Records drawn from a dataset
(* Let $\Lambda$ be a finite non-uniform $m\times k$ rectangular grid with $m\geq 3$ and $k\geq 3$, and let $G$ be the graph produced by the construction described in the context. Then every missing edge that has an endpoint which is a boundary vertex of $\Lambda$ lies in a $2$-cell face of $G$.
   Context: $\Lambda$ has horizontal lines $h_1,\dots,h_m$ (bottom to top) and vertical lines $v_1,\dots,v_k$ (left to right) with arbitrary spacings; $p_{i,j}=h_i\cap v_j$. Its edges are the segments $p_{i,j}p_{i+1,j}$ and $p_{i,j}p_{i,j+1}$. Vertices on $h_1,h_m,v_1,v_k$ are boundary vertices; an edge with both endpoints boundary vertices is a boundary edge, all others are internal. The horizontal slab $H_i$ ($1\le i<m$) is the strip between $h_i,h_{i+1}$; the vertical slab $V_j$ ($1\le j<k$) is the strip between $v_j,v_{j+1}$; the width of a slab is the distance between its bounding lines. The red edges are $(p_{i,j},p_{i+1,j})$ and $(p_{i,j},p_{i,j+1})$ for $2\le i\le m-1$, $2\le j\le k-1$ with $i,j$ both even or both odd; all other internal edges are blue. Construction: let $G'$ be $\Lambda$ with all red edges removed, and $E'=\emptyset$. Iterate over the slabs $H_1,\dots,H_{m-1},V_1,\dots,V_{k-1}$ in non-decreasing order of width; for the current slab, consider the red edges lying in it (in any order); a red edge $(a,b)$ is added to $E'$ if both $a$ and $b$ currently have degree exactly $2$ in $G'\cup E'$. Finally $G=G'\cup E'$ (a plane straight-line graph). A missing edge is a red edge not in $G$. A cell of $\Lambda$ is a rectangle bounded by two consecutive horizontal and two consecutive vertical lines; a $2$-cell face of $G$ is a bounded face of $G$ that is the union of exactly two cells. *)

theory Defs
  imports "HOL-Analysis.Analysis"
begin

text \<open>Vertices of the grid are index pairs (i,j), meaning p_{i,j} = h_i \<inter> v_j,
  with 1 \<le> i \<le> m (row / horizontal line) and 1 \<le> j \<le> k (column / vertical line).\<close>

type_synonym vtx = "nat \<times> nat"
type_synonym edge = "vtx set"

definition grid_edges :: "nat \<Rightarrow> nat \<Rightarrow> edge set" where
  "grid_edges m k =
     {{(i,j),(Suc i,j)} | i j. 1 \<le> i \<and> i < m \<and> 1 \<le> j \<and> j \<le> k} \<union>
     {{(i,j),(i,Suc j)} | i j. 1 \<le> i \<and> i \<le> m \<and> 1 \<le> j \<and> j < k}"

definition boundary_vertex :: "nat \<Rightarrow> nat \<Rightarrow> vtx \<Rightarrow> bool" where
  "boundary_vertex m k v \<longleftrightarrow> fst v = 1 \<or> fst v = m \<or> snd v = 1 \<or> snd v = k"

definition boundary_edge :: "nat \<Rightarrow> nat \<Rightarrow> edge \<Rightarrow> bool" where
  "boundary_edge m k e \<longleftrightarrow> (\<forall>v\<in>e. boundary_vertex m k v)"

definition internal_edges :: "nat \<Rightarrow> nat \<Rightarrow> edge set" where
  "internal_edges m k = {e \<in> grid_edges m k. \<not> boundary_edge m k e}"

definition red_edges :: "nat \<Rightarrow> nat \<Rightarrow> edge set" where
  "red_edges m k =
     {{(i,j),(Suc i,j)} | i j. 2 \<le> i \<and> i \<le> m - 1 \<and> 2 \<le> j \<and> j \<le> k - 1 \<and> (even i \<longleftrightarrow> even j)} \<union>
     {{(i,j),(i,Suc j)} | i j. 2 \<le> i \<and> i \<le> m - 1 \<and> 2 \<le> j \<and> j \<le> k - 1 \<and> (even i \<longleftrightarrow> even j)}"

definition blue_edges :: "nat \<Rightarrow> nat \<Rightarrow> edge set" where
  "blue_edges m k = internal_edges m k - red_edges m k"

definition G_init :: "nat \<Rightarrow> nat \<Rightarrow> edge set" where
  "G_init m k = grid_edges m k - red_edges m k"

text \<open>Slabs: HS i is the horizontal slab between h_i and h_{i+1};
  VS j is the vertical slab between v_j and v_{j+1}.\<close>
datatype slab = HS nat | VS nat

definition slabs :: "nat \<Rightarrow> nat \<Rightarrow> slab set" where
  "slabs m k = HS ` {1..<m} \<union> VS ` {1..<k}"

fun slab_width :: "(nat \<Rightarrow> real) \<Rightarrow> (nat \<Rightarrow> real) \<Rightarrow> slab \<Rightarrow> real" where
  "slab_width xs ys (HS i) = ys (Suc i) - ys i"
| "slab_width xs ys (VS j) = xs (Suc j) - xs j"

fun edge_in_slab :: "slab \<Rightarrow> edge \<Rightarrow> bool" where
  "edge_in_slab (HS i) e \<longleftrightarrow> (\<exists>j. e = {(i,j),(Suc i,j)})"
| "edge_in_slab (VS j) e \<longleftrightarrow> (\<exists>i. e = {(i,j),(i,Suc j)})"

definition degree :: "edge set \<Rightarrow> vtx \<Rightarrow> nat" where
  "degree E v = card {e \<in> E. v \<in> e}"

definition greedy_step :: "edge set \<Rightarrow> edge set \<Rightarrow> edge \<Rightarrow> edge set" where
  "greedy_step G0 E e = (if (\<forall>v\<in>e. degree (G0 \<union> E) v = 2) then insert e E else E)"

definition greedy_run :: "edge set \<Rightarrow> edge list \<Rightarrow> edge set" where
  "greedy_run G0 L = foldl (greedy_step G0) {} L"

definition valid_order ::
  "nat \<Rightarrow> nat \<Rightarrow> (nat \<Rightarrow> real) \<Rightarrow> (nat \<Rightarrow> real) \<Rightarrow> slab list \<Rightarrow> (slab \<Rightarrow> edge list) \<Rightarrow> bool" where
  "valid_order m k xs ys sl ord \<longleftrightarrow>
     distinct sl \<and> set sl = slabs m k \<and>
     sorted_wrt (\<lambda>s t. slab_width xs ys s \<le> slab_width xs ys t) sl \<and>
     (\<forall>s\<in>set sl. distinct (ord s) \<and> set (ord s) = {e \<in> red_edges m k. edge_in_slab s e})"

**Instructions for the task**. Taking the line with "with 1 \<le>" as the first and the line with "datatype slab = HS nat | VS nat" as the last, retype that stretch of the data above exactly, with no other lines.

**Reply**.
  with 1 \<le> i \<le> m (row / horizontal line) and 1 \<le> j \<le> k (column / vertical line).\<close>

type_synonym vtx = "nat \<times> nat"
type_synonym edge = "vtx set"

definition grid_edges :: "nat \<Rightarrow> nat \<Rightarrow> edge set" where
  "grid_edges m k =
     {{(i,j),(Suc i,j)} | i j. 1 \<le> i \<and> i < m \<and> 1 \<le> j \<and> j \<le> k} \<union>
     {{(i,j),(i,Suc j)} | i j. 1 \<le> i \<and> i \<le> m \<and> 1 \<le> j \<and> j < k}"

definition boundary_vertex :: "nat \<Rightarrow> nat \<Rightarrow> vtx \<Rightarrow> bool" where
  "boundary_vertex m k v \<longleftrightarrow> fst v = 1 \<or> fst v = m \<or> snd v = 1 \<or> snd v = k"

definition boundary_edge :: "nat \<Rightarrow> nat \<Rightarrow> edge \<Rightarrow> bool" where
  "boundary_edge m k e \<longleftrightarrow> (\<forall>v\<in>e. boundary_vertex m k v)"

definition internal_edges :: "nat \<Rightarrow> nat \<Rightarrow> edge set" where
  "internal_edges m k = {e \<in> grid_edges m k. \<not> boundary_edge m k e}"

definition red_edges :: "nat \<Rightarrow> nat \<Rightarrow> edge set" where
  "red_edges m k =
     {{(i,j),(Suc i,j)} | i j. 2 \<le> i \<and> i \<le> m - 1 \<and> 2 \<le> j \<and> j \<le> k - 1 \<and> (even i \<longleftrightarrow> even j)} \<union>
     {{(i,j),(i,Suc j)} | i j. 2 \<le> i \<and> i \<le> m - 1 \<and> 2 \<le> j \<and> j \<le> k - 1 \<and> (even i \<longleftrightarrow> even j)}"

definition blue_edges :: "nat \<Rightarrow> nat \<Rightarrow> edge set" where
  "blue_edges m k = internal_edges m k - red_edges m k"

definition G_init :: "nat \<Rightarrow> nat \<Rightarrow> edge set" where
  "G_init m k = grid_edges m k - red_edges m k"

text \<open>Slabs: HS i is the horizontal slab between h_i and h_{i+1};
  VS j is the vertical slab between v_j and v_{j+1}.\<close>
datatype slab = HS nat | VS nat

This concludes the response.